Africa Global Funds (AGF): Can you comment on your Africa findings, please?
Jeff Schlapinski (JS):
There are some signs of a recovery in investor appetite for private capital opportunities in Africa. Capital raised for Africa-focused private capital vehicles increased 22%, year over year, to $2.8bn in 2018. Emerging Capital Partners (ECP) raised the largest private equity fund for the continent since 2015 with $640m in commitments. Thanks in part to ECP’s close, 16 growth equity funds collectively raised $1.6bn this past year, the highest total for the strategy since 2015. At the same time, disclosed private capital invested in African companies and projects in 2018 was below the pace of recent years. I think that as economies recover within the region and as new governments stabilize and gain momentum, investors will feel more comfortable deploying capital and activity numbers could pick up.
 
AGF: In which countries have you seen the most deal activity? 
JS:
South Africa and Nigeria typically account for the most activity across the continent, but the number of deals completed in Nigeria has fallen off in recent years. One of the things we noticed in the year-end data was the growth of deal activity in North Africa (Morocco, Egypt) and the increasingly prevalence of regional platforms and buy-and-build strategies that encompass multiple countries.

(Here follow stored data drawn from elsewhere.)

(* Let $A,C$ be groups, $i_P,i_N:C\to A$ injective homomorphisms, $H=\langle A,t\mid i_N(c)=t\,i_P(c)\,t^{-1}\ \forall c\in C\rangle$, and $p:H\to\mathbb Z$ the epimorphism with $p(t)=1$, $p(A)=0$. For $k\ge0$ let $A_k\le H$ be the subgroup generated by all $t^{-i}at^{i}$ with $a\in A$, $0\le i\le k$, and let $A_{-1}=i_N(C)$. Let $w\in H$ with $p(w)=1$. Then either $w$ is conjugate to $at$ for some $a\in A$, or there is some $k\in\mathbb Z_{>0}$ and $m\ge1$ such that a conjugate of $w$ can be written as $a_1t^{-1}b_1t\cdots a_mt^{-1}b_mt\,x\,t$ with $a_i\in A_{k-1}\setminus t^{-1}A_{k-2}t$, $b_i\in A_{k-1}\setminus A_{k-2}$, and $x\in A_{k-1}$. *)

theory Defs
  imports "HOL-Algebra.Algebra"
begin

text \<open>Concrete construction of the HNN extension
  H = < A, t | iN(c) = t iP(c) t^-1 (c in C) >
  as the quotient of the monoid of words over the alphabet
  (carrier A) + {t, t^-1} by the congruence generated by the relations of A,
  the free-group relations for t, and the HNN relations.
  Letters: Inl a is the generator a of A, Inr True is t, Inr False is t^-1.\<close>

type_synonym 'a hnn_word = "('a + bool) list"

definition hnn_words :: "('a, 'm) monoid_scheme \<Rightarrow> 'a hnn_word set" where
  "hnn_words A = {w. \<forall>a. Inl a \<in> set w \<longrightarrow> a \<in> carrier A}"

inductive hnn_basic ::
  "('a, 'm) monoid_scheme \<Rightarrow> ('c, 'n) monoid_scheme \<Rightarrow> ('c \<Rightarrow> 'a) \<Rightarrow> ('c \<Rightarrow> 'a)
   \<Rightarrow> 'a hnn_word \<Rightarrow> 'a hnn_word \<Rightarrow> bool"
  for A C iP iN where
  mult_rel: "a \<in> carrier A \<Longrightarrow> b \<in> carrier A \<Longrightarrow>
     hnn_basic A C iP iN [Inl a, Inl b] [Inl (a \<otimes>\<^bsub>A\<^esub> b)]"
| one_rel: "hnn_basic A C iP iN [Inl \<one>\<^bsub>A\<^esub>] []"
| t_inv1: "hnn_basic A C iP iN [Inr True, Inr False] []"
| t_inv2: "hnn_basic A C iP iN [Inr False, Inr True] []"
| hnn_rel: "c \<in> carrier C \<Longrightarrow>
     hnn_basic A C iP iN [Inl (iN c)] [Inr True, Inl (iP c), Inr False]"

definition hnn_eq ::
  "('a, 'm) monoid_scheme \<Rightarrow> ('c, 'n) monoid_scheme \<Rightarrow> ('c \<Rightarrow> 'a) \<Rightarrow> ('c \<Rightarrow> 'a)
   \<Rightarrow> 'a hnn_word \<Rightarrow> 'a hnn_word \<Rightarrow> bool" where
  "hnn_eq A C iP iN = equivclp
     (\<lambda>x y. \<exists>u v l r. hnn_basic A C iP iN l r \<and> x = u @ l @ v \<and> y = u @ r @ v)"

definition hnn_class ::
  "('a, 'm) monoid_scheme \<Rightarrow> ('c, 'n) monoid_scheme \<Rightarrow> ('c \<Rightarrow> 'a) \<Rightarrow> ('c \<Rightarrow> 'a)
   \<Rightarrow> 'a hnn_word \<Rightarrow> 'a hnn_word set" where
  "hnn_class A C iP iN w = {w' \<in> hnn_words A. hnn_eq A C iP iN w w'}"

definition HNN ::
  "('a, 'm) monoid_scheme \<Rightarrow> ('c, 'n) monoid_scheme \<Rightarrow> ('c \<Rightarrow> 'a) \<Rightarrow> ('c \<Rightarrow> 'a)
   \<Rightarrow> 'a hnn_word set monoid" where
  "HNN A C iP iN =
     \<lparr> carrier = hnn_class A C iP iN ` hnn_words A,
       monoid.mult = (\<lambda>U V. hnn_class A C iP iN ((SOME x. x \<in> U) @ (SOME y. y \<in> V))),
       one = hnn_class A C iP iN [] \<rparr>"

definition hnn_incl ::
  "('a, 'm) monoid_scheme \<Rightarrow> ('c, 'n) monoid_scheme \<Rightarrow> ('c \<Rightarrow> 'a) \<Rightarrow> ('c \<Rightarrow> 'a)
   \<Rightarrow> 'a \<Rightarrow> 'a hnn_word set" where
  "hnn_incl A C iP iN a = hnn_class A C iP iN [Inl a]"

definition hnn_t ::
  "('a, 'm) monoid_scheme \<Rightarrow> ('c, 'n) monoid_scheme \<Rightarrow> ('c \<Rightarrow> 'a) \<Rightarrow> ('c \<Rightarrow> 'a)
   \<Rightarrow> 'a hnn_word set" where
  "hnn_t A C iP iN = hnn_class A C iP iN [Inr True]"

fun letter_exp :: "'a + bool \<Rightarrow> int" where
  "letter_exp (Inl a) = 0"
| "letter_exp (Inr b) = (if b then 1 else -1)"
(* Let $y$ be a single real variable and $x=(x_1,\dots,x_n)$ real variables, and let $f(x,y)\in\mathbb R[x,y]$. Assume that for every $y_0\in\mathbb R$ the specialized polynomial $f(\cdot,y_0)\in\mathbb R[x]$ is a square in $\mathbb R[x]$. Then there exist $g(y)\in\mathbb R[y]$ and $h(x,y)\in\mathbb R[x,y]$ such that \[ f(x,y)=g(y)\,h(x,y)^2. \] *)

theory Defs
  imports "HOL-Library.Poly_Mapping" "HOL-Computational_Algebra.Polynomial"
begin

text \<open>Real polynomials in variables x_0, x_1, ... : finitely supported maps from
  monomials (exponent vectors) to real coefficients, with the
  convolution product of HOL-Library.Poly_Mapping.\<close>
type_synonym rmpoly = "(nat \<Rightarrow>\<^sub>0 nat) \<Rightarrow>\<^sub>0 real"

text \<open>p lies in R[x_1,...,x_n] (variables indexed 0..n-1).\<close>
definition in_vars :: "nat \<Rightarrow> rmpoly \<Rightarrow> bool" where
  "in_vars n p \<longleftrightarrow> (\<forall>m \<in> Poly_Mapping.keys p. Poly_Mapping.keys m \<subseteq> {..<n})"

definition const_mp :: "real \<Rightarrow> rmpoly" where
  "const_mp c = Poly_Mapping.single 0 c"

end

theory Submission
  imports Defs "HOL-Computational_Algebra.Polynomial_Factorial" "HOL-Computational_Algebra.Field_as_Ring"
begin

text \<open>
  The Kronecker substitution \<open>x\<^sub>i \<mapsto> t^(D^i)\<close> is a ring homomorphism from \<open>\<real>[x\<^sub>1,...,x\<^sub>n]\<close>
  to \<open>\<real>[t]\<close> that is injective on polynomials all of whose exponents are below \<open>D\<close>.
  Applied to the coefficients of \<open>f(x, y)\<close> it yields a bivariate polynomial \<open>G(t, y)\<close> all of
  whose specializations \<open>G(t, y\<^sub>0)\<close> are squares. Over a field of characteristic 0 this forces
  \<open>G = g(y) H(t, y)\<^sup>2\<close>: if a prime factor \<open>p\<close> of positive degree in \<open>t\<close> divided \<open>G\<close> only
  once, then at a generic point \<open>y\<^sub>0\<close> the specialization of \<open>p\<close> would be squarefree and coprime
  to that of \<open>G / p\<close>, so \<open>G(t, y\<^sub>0)\<close> would not be a square.

  Now take square roots \<open>q\<^sub>j\<close> of \<open>f(x, y\<^sub>j) \<noteq> 0\<close> at \<open>deg\<^sub>y f + 1\<close> points \<open>y\<^sub>j\<close>, let \<open>E\<close> bound
  the exponents of \<open>f\<close> and of all \<open>q\<^sub>j\<close>, and take \<open>D > 2E\<close>. Each \<open>H(t, y\<^sub>j)\<close> is a scalar multiple
  of the image of \<open>q\<^sub>j\<close>, so Lagrange interpolation in \<open>y\<close> yields \<open>h\<close> with image \<open>H\<close> and
  exponents at most \<open>E\<close>. Then \<open>f\<close> and \<open>g h\<^sup>2\<close> have the same image and exponents below \<open>D\<close>,
  hence are equal.
\<close>

lemma map_poly_add_hom:
  assumes "\<And>a b. h (a + b) = h a + h b" "h 0 = 0"
  shows "map_poly h (p + q) = map_poly h p + map_poly h q"
  by (rule poly_eqI) (simp add: coeff_map_poly assms)

lemma map_poly_mult_hom:
  assumes "\<And>a b. h (a + b) = h a + h b" "\<And>a b. h (a * b) = h a * h b" "h 0 = 0"
  shows "map_poly h (p * q) = map_poly h p * map_poly h q"
proof (rule poly_eqI)
  fix n
  have "h (sum g A) = (\<Sum>x\<in>A. h (g x))" for g :: "nat \<Rightarrow> _" and A
    using sum_comp_morphism[of h g A, OF assms(3,1)] by (simp add: comp_def)
  then show "coeff (map_poly h (p * q)) n = coeff (map_poly h p * map_poly h q) n"
    by (simp add: coeff_map_poly coeff_mult assms(2,3))
qed

section \<open>Divisibility of polynomials\<close>

lemma pseudo_bezout:
  fixes p q :: "'a::idom poly"
  shows "\<exists>a b d s r1 r2 u v. s \<noteq> 0 \<and> r1 \<noteq> 0 \<and> r2 \<noteq> 0 \<and>
    a * p + b * q = smult s d \<and> smult r1 p = d * u \<and> smult r2 q = d * v"
proof (induction "if q = 0 then 0 else Suc (degree q)" arbitrary: p q rule: less_induct)
  case (less q p)
  show ?case
  proof (cases "q = 0")
    case True
    then have "1 * p + 0 * q = smult 1 p \<and> smult 1 p = p * 1 \<and> smult 1 q = p * 0" by simp
    then show ?thesis by (metis one_neq_zero)
  next
    case False
    obtain \<alpha> Q where \<alpha>: "\<alpha> \<noteq> 0" "smult \<alpha> p = q * Q + pseudo_mod p q"
      and deg: "pseudo_mod p q = 0 \<or> degree (pseudo_mod p q) < degree q"
      using pseudo_mod[OF False] by blast
    define r where "r = pseudo_mod p q"
    have "(if r = 0 then 0 else Suc (degree r)) < (if q = 0 then 0 else Suc (degree q))"
      using deg False by (auto simp: r_def)
    then obtain a b d s r1 r2 u v where IH: "s \<noteq> 0" "r1 \<noteq> 0" "r2 \<noteq> 0"
        "a * q + b * r = smult s d" "smult r1 q = d * u" "smult r2 r = d * v"
      using less.hyps by blast
    have "smult \<alpha> b * p + (a - b * Q) * q = smult s d"
    proof -
      have "smult \<alpha> b * p = b * smult \<alpha> p"
        by (simp add: mult.commute)
      also have "\<dots> = b * q * Q + b * r"
        using \<alpha>(2) by (simp add: r_def algebra_simps)
      finally show ?thesis
        using IH(4) by (simp add: algebra_simps)
    qed
    moreover have "smult (\<alpha> * r1 * r2) p = d * (smult r2 (u * Q) + smult r1 v)"
    proof -
      have "smult (\<alpha> * r1 * r2) p = smult (r1 * r2) (smult \<alpha> p)"
        by (simp add: ac_simps)
      also have "\<dots> = smult r2 (smult r1 q) * Q + smult r1 (smult r2 r)"
        using \<alpha>(2) by (simp add: r_def algebra_simps smult_add_right)
      also have "\<dots> = d * (smult r2 (u * Q) + smult r1 v)"
        using IH(5,6) by (simp add: algebra_simps)
      finally show ?thesis .
    qed
    ultimately show ?thesis
      using IH(1-3,5) \<alpha>(1) by (metis mult_eq_0_iff)
  qed
qed

lemma prime_elem_poly_const_combination:
  fixes p q :: "'a::idom poly"
  assumes p: "prime_elem p" "degree p > 0" and not_dvd: "\<not> p dvd q"
  shows "\<exists>a b r. r \<noteq> 0 \<and> a * p + b * q = [:r:]"
proof -
  obtain a b d s r1 r2 u v where s: "s \<noteq> 0" and r: "r1 \<noteq> 0" "r2 \<noteq> 0"
    and comb: "a * p + b * q = smult s d" and div: "smult r1 p = d * u" "smult r2 q = d * v"
    using pseudo_bezout[of p q] by blast
  have const_not_dvd: "\<not> p dvd [:c:]" if "c \<noteq> 0" for c
    using dvd_imp_degree_le[of p "[:c:]"] that p(2) by auto
  have "p \<noteq> 0" using p(2) by auto
  have "d * u = [:r1:] * p"
    using div(1) by simp
  then have "p dvd d * u" by (simp add: dvd_smult)
  then consider "p dvd d" | "p dvd u"
    using p(1) prime_elem_dvd_multD by blast
  then show ?thesis
  proof cases
    case 1
    moreover have "d * v = [:r2:] * q"
      using div(2) by simp
    ultimately have "p dvd [:r2:] * q"
      by (metis dvd_mult2)
    then show ?thesis
      using p(1) prime_elem_dvd_multD const_not_dvd[OF r(2)] not_dvd by blast
  next
    case 2
    then obtain w where "u = p * w" by (elim dvdE)
    then have "[:r1:] * p = (d * w) * p"
      using div(1) by (simp add: ac_simps)
    then have dw: "d * w = [:r1:]"
      using \<open>p \<noteq> 0\<close> by (metis mult_cancel_right)
    then have "d \<noteq> 0" "w \<noteq> 0" using r(1) by auto
    then have "degree d = 0"
      using dw degree_mult_eq[of d w] by simp
    then obtain c where c: "d = [:c:]" by (metis degree_eq_zeroE)
    then have "a * p + b * q = [:s * c:]" "s * c \<noteq> 0"
      using comb s \<open>d \<noteq> 0\<close> by auto
    then show ?thesis by blast
  qed
qed

lemma coprime_if_const_combination:
  fixes p q :: "'a::field poly"
  assumes "a * p + b * q = [:c:]" "c \<noteq> 0"
  shows "coprime p q"
proof (rule coprimeI)
  fix e assume "e dvd p" "e dvd q"
  then have "e dvd [:c:]"
    by (metis assms(1) dvd_add dvd_mult)
  moreover have "is_unit [:c:]"
    using assms(2) by (simp add: is_unit_const_poly_iff dvd_field_iff)
  ultimately show "is_unit e"
    by (rule dvd_unit_imp_unit)
qed

lemma prime_square_dvd_imp_dvd_pderiv:
  fixes \<pi> P :: "'a::idom poly"
  assumes "\<pi>^2 dvd P"
  shows "\<pi> dvd pderiv P"
proof -
  obtain W where "P = \<pi>^2 * W"
    using assms by (elim dvdE)
  then have "P = \<pi> * (\<pi> * W)"
    by (simp add: power2_eq_square ac_simps)
  then show ?thesis
    by (simp add: pderiv_mult)
qed

lemma squarefree_times_coprime_not_square:
  fixes P R :: "'a::field_gcd poly"
  assumes "degree P > 0" "coprime P (pderiv P)" "coprime P R"
  shows "P * R \<noteq> Q^2"
proof
  assume square: "P * R = Q^2"
  have "P \<noteq> 0"
    using assms(1) by auto
  moreover have "\<not> is_unit P"
    using assms(1) \<open>P \<noteq> 0\<close> by (simp add: is_unit_iff_degree)
  ultimately obtain \<pi> where "\<pi> dvd P" and \<pi>: "prime \<pi>"
    using prime_divisor_exists by blast
  then have "\<not> \<pi> dvd R"
    using assms(3) coprime_common_divisor not_prime_unit by blast
  then have "coprime (\<pi>^2) R"
    using \<pi> by (simp add: prime_elem_imp_coprime)
  have "\<pi> dvd Q^2"
    using \<open>\<pi> dvd P\<close> square by (metis dvd_mult2)
  then have "\<pi> dvd Q"
    using \<pi> prime_dvd_power by blast
  then have "\<pi>^2 dvd P * R"
    using square by (simp add: dvd_power_same)
  then have "\<pi>^2 dvd P"
    using \<open>coprime (\<pi>^2) R\<close> by (simp add: coprime_dvd_mult_left_iff)
  then have "\<pi> dvd pderiv P"
    by (rule prime_square_dvd_imp_dvd_pderiv)
  then show False
    using \<open>\<pi> dvd P\<close> \<pi> assms(2) coprime_common_divisor not_prime_unit by blast
qed

lemma mult_square_eq_square_imp_square:
  fixes a b c :: "'a::{semiring_gcd,idom}"
  assumes "a \<noteq> 0" "a^2 * b = c^2"
  shows "\<exists>d. b = d^2"
proof -
  have "a dvd c"
    using assms(2) by (metis dvd_triv_left pow_divides_pow_iff zero_less_numeral)
  then obtain d where "c = a * d" by (elim dvdE)
  then have "b = d^2"
    using assms by (simp add: power_mult_distrib)
  then show ?thesis by blast
qed

lemma square_eq_smult_square_imp_smult:
  fixes A B :: "'a::field_gcd poly"
  assumes "A \<noteq> 0" "A^2 = smult l (B^2)"
  shows "\<exists>c. B = smult c A"
proof -
  have "B \<noteq> 0"
    using assms by auto
  have "B^2 dvd A^2"
    using assms(2) by (simp add: dvd_smult)
  then obtain C where C: "A = B * C"
    by (auto elim: dvdE)
  then have "B^2 * C^2 = B^2 * [:l:]"
    using assms(2) by (simp add: power_mult_distrib)
  then have "C^2 = [:l:]"
    using \<open>B \<noteq> 0\<close> by (metis mult_left_cancel power_not_zero)
  then have "degree C = 0"
    using degree_power_eq[of C 2] by (cases "C = 0") auto
  then obtain c where "C = [:c:]" "c \<noteq> 0"
    using C assms(1) by (metis degree_eq_zeroE mult_zero_right pCons_0_0)
  then have "B = smult (1 / c) A"
    using C by simp
  then show ?thesis by blast
qed

lemma prime_factor_of_positive_degree:
  fixes G :: "'a::{factorial_ring_gcd,semiring_gcd_mult_normalize} poly"
  assumes "degree G > 0"
  shows "\<exists>p. prime_elem p \<and> degree p > 0 \<and> p dvd G"
proof -
  define P where "P = primitive_part G"
  have "G \<noteq> 0"
    using assms by auto
  have "degree P = degree G"
    by (simp add: P_def)
  then have "P \<noteq> 0" "\<not> is_unit P"
    using assms by (auto simp: is_unit_poly_iff)
  then obtain p where "p dvd P" "prime p"
    using prime_divisor_exists by blast
  have "degree p > 0"
  proof (rule ccontr)
    assume "\<not> degree p > 0"
    then obtain c where c: "p = [:c:]"
      by (metis degree_eq_zeroE gr0I)
    then have "c dvd content P"
      using \<open>p dvd P\<close> by (simp add: const_poly_dvd_iff_dvd_content)
    then have "is_unit p"
      using \<open>G \<noteq> 0\<close> c by (simp add: P_def is_unit_const_poly_iff)
    with \<open>prime p\<close> show False
      by (simp add: not_prime_unit)
  qed
  moreover have "P dvd G"
    unfolding P_def by (metis content_times_primitive_part smult_dvd_cancel dvd_refl)
  ultimately show ?thesis
    using \<open>p dvd P\<close> \<open>prime p\<close> dvd_trans prime_imp_prime_elem by blast
qed

section \<open>Bivariate polynomials with square specializations\<close>

definition specialize :: "'a::comm_semiring_0 \<Rightarrow> 'a poly poly \<Rightarrow> 'a poly" where
  "specialize y P = map_poly (\<lambda>c. poly c y) P"

lemma coeff_specialize [simp]: "coeff (specialize y P) n = poly (coeff P n) y"
  by (simp add: specialize_def coeff_map_poly)

lemma specialize_add [simp]: "specialize y (P + Q) = specialize y P + specialize y Q"
  by (rule poly_eqI) simp

lemma specialize_1 [simp]: "specialize y 1 = 1"
  by (simp add: specialize_def)

lemma specialize_mult [simp]:
  fixes P Q :: "'a::comm_semiring_1 poly poly"
  shows "specialize y (P * Q) = specialize y P * specialize y Q"
  unfolding specialize_def by (rule map_poly_mult_hom) simp_all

AGF: Which sectors in Africa have seen the biggest growth? 
JS:
Deal activity has been pretty balanced at the level of industry verticals (consumer, energy, industrials, agriculture, etc.). Where we have seen growth is more at the company stage level. Early-stage venture capital (VC) investors are increasingly active across Africa, backing companies with technology-enabled business models that are aiming to solve basic problems for people—health care, electric power and fuel, education, financial services, etc. VC funds invested $211m in disclosed transactions across the continent last year, which represents a compound annual growth rate of 91% since 2010.
 
AGF: What fund strategies are favoured by investors? 
JS:
Regional growth equity strategies still account for the biggest fund pool in Africa. However, as I mentioned, venture has grown rapidly from a small base. Beyond that, I would note that infrastructure funds continue to amass capital. A.P. Moller Capital’s Africa Infrastructure Fund has raised $865m so far and represents the largest pool of capital recorded by EMPEA for investments in African infrastructure.
 
AGF: From which type of investors (and from which countries) do you see the most appetite for Africa? 
JS:
Beyond the development finance institutions—which have long had mandates to support funds and remain crucial partners and promoters of private investment in the region—foundations and endowments from developed markets, some with an impact mandate, are also active investors. Beyond that, European insurers and asset managers and local African pension funds have also supported some of the more recent fundraising efforts.
 
AGF: What’s your outlook for African PE and VC going forward? 
JS:
We are confident that the industry will continue to recover from some of the challenges encountered in recent years. The landscape is less competitive than in developed markets (meaning more attractive valuations in many cases), and there’s ample white space in which great businesses can be built. New models (evergreen funds) and strategies (early-stage VC) are being tested and will inject new energy into the scene. The external environment will be less supportive than in the “Africa Rising” years, however, so the onus is on fund managers to take an active role in creating value, take advantage of structural dynamics in local markets and generate resilient returns across the cycle.